On Sep 17, 10 02:26, "Jérôme M. Berger" wrote:
Jérôme M. Berger wrote:
KennyTM~ wrote:
On Sep 16, 10 04:35, "Jérôme M. Berger" wrote:
Nick Sabalausky wrote:
I didn't think unix file systems had a concept of mime type.

     It doesn't, but Unix tools use the file contents to determine the
mime type and then choose the app associated to the mime type.

         Jerome
Please don't confuse Unix with a distro.

        Which distro? I used the terms "Unix tools" because it transcends
distributions and Unices.
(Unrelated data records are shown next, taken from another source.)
lemma subgroup_compatible_families:
  assumes groups: "\<And>i. i \<in> I \<Longrightarrow> group (G i)"
    and homs: "\<And>i j. i \<in> I \<Longrightarrow> j \<in> I \<Longrightarrow> R i j \<Longrightarrow> \<phi> i j \<in> hom (G i) (G j)"
  shows "subgroup (compatible_families I R G \<phi>) (product_group I G)"
proof -
  interpret P: group "product_group I G" using groups by simp
  have hom: "group_hom (G i) (G j) (\<phi> i j)" if "i \<in> I" "j \<in> I" "R i j" for i j
    using that groups homs by (simp add: group_hom_def group_hom_axioms_def)
  show ?thesis
  proof (rule P.subgroupI)
    have "\<one>\<^bsub>product_group I G\<^esub> \<in> compatible_families I R G \<phi>"
      by (auto simp: compatible_families_def hom group_hom.hom_one groups group.is_monoid)
    then show "compatible_families I R G \<phi> \<noteq> {}" by blast
  next
    fix f assume "f \<in> compatible_families I R G \<phi>"
    then show "inv\<^bsub>product_group I G\<^esub> f \<in> compatible_families I R G \<phi>"
      using groups P.inv_closed
      by (auto simp: compatible_families_def PiE_iff group_hom.hom_inv[OF hom])
  next
    fix f g assume "f \<in> compatible_families I R G \<phi>" "g \<in> compatible_families I R G \<phi>"
    then show "f \<otimes>\<^bsub>product_group I G\<^esub> g \<in> compatible_families I R G \<phi>"
      using P.m_closed
      by (auto simp: compatible_families_def PiE_iff group_hom.hom_mult[OF hom])
  qed (auto simp: compatible_families_def)
qed

lemma group_inverse_limit:
  assumes "\<And>i. i \<in> I \<Longrightarrow> group (G i)"
    and "\<And>i j. i \<in> I \<Longrightarrow> j \<in> I \<Longrightarrow> R i j \<Longrightarrow> \<phi> i j \<in> hom (G i) (G j)"
  shows "group (inverse_limit I R G \<phi>)"
  unfolding inverse_limit_def
  using subgroup_compatible_families[OF assms] product_group[OF assms(1)]
  by (rule subgroup.subgroup_is_group)

lemma mGT_lim_eq_inverse_limit: "mGT_lim = inverse_limit {q. 3 \<le> q} (\<lambda>q p. p dvd q) mGT u"
  by (auto simp: mGT_lim_def mGT_lim_carrier_def inverse_limit_def compatible_families_def
      product_group_def PiE_iff restrict_def extensional_def)

theorem corollary6p4:
  shows "(\<forall>q p. 3 \<le> p \<and> 3 \<le> q \<and> p dvd q \<longrightarrow>
            (\<forall>g \<in> carrier (mGT q). \<exists>!h. h \<in> Bij {..<p} \<and> (\<forall>a<q. g a mod p = h (a mod p)))
          \<and> u q p \<in> hom (mGT q) (mGT p))
       \<and> (\<forall>q. 3 \<le> q \<longrightarrow> (\<forall>g \<in> carrier (mGT q). u q q g = g))
       \<and> (\<forall>q p r. 3 \<le> r \<and> 3 \<le> p \<and> 3 \<le> q \<and> r dvd p \<and> p dvd q \<longrightarrow>
            (\<forall>g \<in> carrier (mGT q). u p r (u q p g) = u q r g))
       \<and> group mGT_lim"
proof (intro conjI allI impI ballI)
  fix q p :: nat and g assume "3 \<le> p \<and> 3 \<le> q \<and> p dvd q" "g \<in> carrier (mGT q)"
  then show "\<exists>!h. h \<in> Bij {..<p} \<and> (\<forall>a<q. g a mod p = h (a mod p))"
    by (intro u_mGT(2)) auto
next
  fix q p :: nat assume "3 \<le> p \<and> 3 \<le> q \<and> p dvd q"
  then show "u q p \<in> hom (mGT q) (mGT p)" by (intro u_hom) auto
next
  fix q :: nat and g assume q: "3 \<le> q" and g: "g \<in> carrier (mGT q)"
  then have "g \<in> Bij {..<q}"
    using mGT_subset_compatible_perms[of q q] by (auto simp: compatible_perms_def)
  with q g show "u q q g = g" by (simp add: u_mGT(1) induced_perm_self)
next
  fix q p r :: nat and g assume qpr: "3 \<le> r \<and> 3 \<le> p \<and> 3 \<le> q \<and> r dvd p \<and> p dvd q"
    and g: "g \<in> carrier (mGT q)"
  then have "u q p g \<in> carrier (mGT p)" using u_hom[of p q] by (auto simp: hom_def)
  then have "u p r (u q p g) = induced_perm r (induced_perm p g)"
    using qpr g by (simp add: u_mGT(1))
  also have "\<dots> = u q r g"
    using qpr g dvd_trans[of r p q] by (simp add: induced_perm_induced_perm u_mGT(1))
  finally show "u p r (u q p g) = u q r g" .
next
  show "group mGT_lim"
    unfolding mGT_lim_eq_inverse_limit by (intro group_inverse_limit group_mGT u_hom) auto
qed

end
(* Let $d\ge1$, let $B$ be the open unit ball of $\mathbb C^d$, and let $\mathcal H$ be a regular Hilbert space of holomorphic functions on $B$ with kernel $k$. Assume that for all distinct $\lambda_1,\lambda_2\in B$ and all $z_1,z_2\in\mathbb C$: there exists a holomorphic $\varphi:B\to\mathbb C$ with $\sup_B|\varphi|\le1$ and $\varphi(\lambda_i)=z_i$ ($i=1,2$) if and only if the $2\times2$ matrix $[(1-z_j\bar z_i)k_{\lambda_i}(\lambda_j)]_{i,j=1}^2$ is positive semidefinite. Then there is a nonvanishing holomorphic function $f$ on $B$ with $k_\lambda(\mu)=\overline{f(\lambda)}f(\mu)(1-\langle\mu,\lambda\rangle)^{-1}$ for all $\lambda,\mu\in B$. Consequently the coordinate multiplication tuple on $\mathcal H$ is unitarily equivalent to that on the space with kernel $(1-\langle\mu,\lambda\rangle)^{-1}$, and for all $m,n$, $\lambda_1,\dots,\lambda_n\in B$ and $z_1,\dots,z_n\in\mathcal M_m(\mathbb C)$, the block matrix $[(1-z_jz_i^* )k_{\lambda_i}(\lambda_j)]$ is positive semidefinite iff $\left[\frac{1-z_jz_i^*}{1-\langle\lambda_j,\lambda_i\rangle}\right]$ is positive semidefinite.
   Context: $\langle\mu,\lambda\rangle=\sum_r\mu^r\bar\lambda^r$. Regular space: $\mathcal H$ a Hilbert space of holomorphic functions on $B$ with reproducing kernel $k_\lambda(\mu)$ ($\langle f,k_\lambda\rangle=f(\lambda)$), such that the coordinate multiplications $M^r$ are bounded, $M=(M^1,\dots,M^d)$ has Taylor spectrum in $\mathrm{cl}(B)$ and essential Taylor spectrum in $\partial B$, and $\dim\bigcap_r\ker(\lambda^r-M^r)^*=1$ for all $\lambda\in B$. Positive semidefiniteness of a block matrix $[A_{ij}]$ with $A_{ij}\in\mathcal M_m(\mathbb C)$ means $\sum_{i,j}\langle A_{ij}a_i,a_j\rangle\ge0$ for all $a_i\in\mathbb C^m$. *)

theory Defs
  imports "HOL-Analysis.Analysis"
begin

(* Functions on C^d; elements of the Hilbert space are functions on C^d that
   vanish outside the open unit ball B = ball 0 1 (norm of (complex, 'd) vec is the
   Euclidean norm). *)
type_synonym 'd hfun = "(complex, 'd) vec \<Rightarrow> complex"

definition cinner :: "(complex, 'd::{finite,linorder}) vec \<Rightarrow> (complex, 'd) vec \<Rightarrow> complex" where
  "cinner mu lam = (\<Sum>r\<in>UNIV. mu$r * cnj (lam$r))"

definition holo_on :: "((complex, 'd::{finite,linorder}) vec) set \<Rightarrow> 'd hfun \<Rightarrow> bool" where
  "holo_on S f \<longleftrightarrow>
     (\<forall>z\<in>S. \<exists>L. (f has_derivative L) (at z) \<and> (\<forall>c v. L (c *s v) = c * L v))"

definition hnorm :: "(('d::{finite,linorder}) hfun \<Rightarrow> 'd hfun \<Rightarrow> complex) \<Rightarrow> 'd hfun \<Rightarrow> real" where
  "hnorm ip f = sqrt (Re (ip f f))"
It is as true on Ubuntu as on *BSD or
Solaris...

                Jerome
BTW: http://www.darwinsys.com/file/
<quote>
Unlike most GUI systems, command-line UNIX systems - with this
program leading the charge - don't rely on filename extentions to
tell you the type of a file, but look at the file's actual contents.
</quote>

        They say "UNIX systems", they don't say "Ubuntu" (which I don't use
anyway).

                Jerome

This describes the file(1) command, which the job is to inspect the file content and conclude what kind of file it actually is.

But this is just one particular UNIX command. The command line interface in general does not care about the type of a regular file. This is needed in the GUI, but it is outside of the common parts of UNIX. There is no rule saying that a file manager must use file(1) or MIME type or extensions to determine the file type.